(* Let $(X,d)$ be a doubling proper metric space and $(\varepsilon_k)$ a sequence of positive reals tending to $0$. Let $A\subset X$ be such that for each $x\in A$ there is a completely parametrized rectifiable curve $\gamma:(\mathbb R,0)\to(X,x)$ with $\sup_{0<|h|\le1/k}\left|\frac{d(\gamma(h),\gamma(-h))}{2|h|}-1\right|\le\varepsilon_k$ for all $k$. Let $x_0$ be a $t$-density point of $A$, let $r_n\to0$ be positive, and suppose $(X,x_0,d/r_n)$ converges in the pointed Gromov–Hausdorff topology to $(Z,z_0)$. Then every point of $Z$ lies on a bi-infinite geodesic $\gamma:\mathbb R\to Z$ (i.e. $d(\gamma(s),\gamma(t))=|s-t|$ for all $s,t$) which is a locally uniform limit of rescalings $t\mapsto\hat\gamma_n(r_nt)$ of such completely parametrized curves $\hat\gamma_n$ passing through points of $A$.
   Context: Complete parametrization: given a rectifiable curve $\gamma:[0,\ell]\to X$ parametrized by arclength and $t_0\in[0,\ell]$, its complete parametrization at $t_0$ is $\gamma^0:\mathbb R\to X$ with $\gamma^0(t)=\gamma(t+t_0)$ on $[-t_0,\ell-t_0]$, constant equal to $\gamma(0)$ on $(-\infty,-t_0]$ and to $\gamma(\ell)$ on $[\ell-t_0,\infty)$. A point $a\in A$ is a $t$-density point of $A$ if for every $\varepsilon>0$, $\lim_{r\to0}\frac1r\sup_{z\in B(a,r)}d(z,A\cap B(a,(1+\varepsilon)r))=0$. Convergence of curves is uniform convergence on compact subsets of $\mathbb R$, in a common space into which the rescaled balls isometrically embed. *)

theory Defs
  imports "HOL-Analysis.Analysis"
begin

definition proper_mspace :: "'a set \<Rightarrow> ('a \<Rightarrow> 'a \<Rightarrow> real) \<Rightarrow> bool" where
  "proper_mspace M d \<longleftrightarrow> Metric_space M d \<and>
     (\<forall>x\<in>M. \<forall>R. compactin (Metric_space.mtopology M d) (Metric_space.mcball M d x R))"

_Problem statement_
Repeat each entry above, keeping every word exact.

_Answer_
(* Let $(X,d)$ be a doubling proper metric space and $(\varepsilon_k)$ a sequence of positive reals tending to $0$. Let $A\subset X$ be such that for each $x\in A$ there is a completely parametrized rectifiable curve $\gamma:(\mathbb R,0)\to(X,x)$ with $\sup_{0<|h|\le1/k}\left|\frac{d(\gamma(h),\gamma(-h))}{2|h|}-1\right|\le\varepsilon_k$ for all $k$. Let $x_0$ be a $t$-density point of $A$, let $r_n\to0$ be positive, and suppose $(X,x_0,d/r_n)$ converges in the pointed Gromov–Hausdorff topology to $(Z,z_0)$. Then every point of $Z$ lies on a bi-infinite geodesic $\gamma:\mathbb R\to Z$ (i.e. $d(\gamma(s),\gamma(t))=|s-t|$ for all $s,t$) which is a locally uniform limit of rescalings $t\mapsto\hat\gamma_n(r_nt)$ of such completely parametrized curves $\hat\gamma_n$ passing through points of $A$.
   Context: Complete parametrization: given a rectifiable curve $\gamma:[0,\ell]\to X$ parametrized by arclength and $t_0\in[0,\ell]$, its complete parametrization at $t_0$ is $\gamma^0:\mathbb R\to X$ with $\gamma^0(t)=\gamma(t+t_0)$ on $[-t_0,\ell-t_0]$, constant equal to $\gamma(0)$ on $(-\infty,-t_0]$ and to $\gamma(\ell)$ on $[\ell-t_0,\infty)$. A point $a\in A$ is a $t$-density point of $A$ if for every $\varepsilon>0$, $\lim_{r\to0}\frac1r\sup_{z\in B(a,r)}d(z,A\cap B(a,(1+\varepsilon)r))=0$. Convergence of curves is uniform convergence on compact subsets of $\mathbb R$, in a common space into which the rescaled balls isometrically embed. *)

theory Defs
  imports "HOL-Analysis.Analysis"
begin

definition proper_mspace :: "'a set \<Rightarrow> ('a \<Rightarrow> 'a \<Rightarrow> real) \<Rightarrow> bool" where
  "proper_mspace M d \<longleftrightarrow> Metric_space M d \<and>
     (\<forall>x\<in>M. \<forall>R. compactin (Metric_space.mtopology M d) (Metric_space.mcball M d x R))"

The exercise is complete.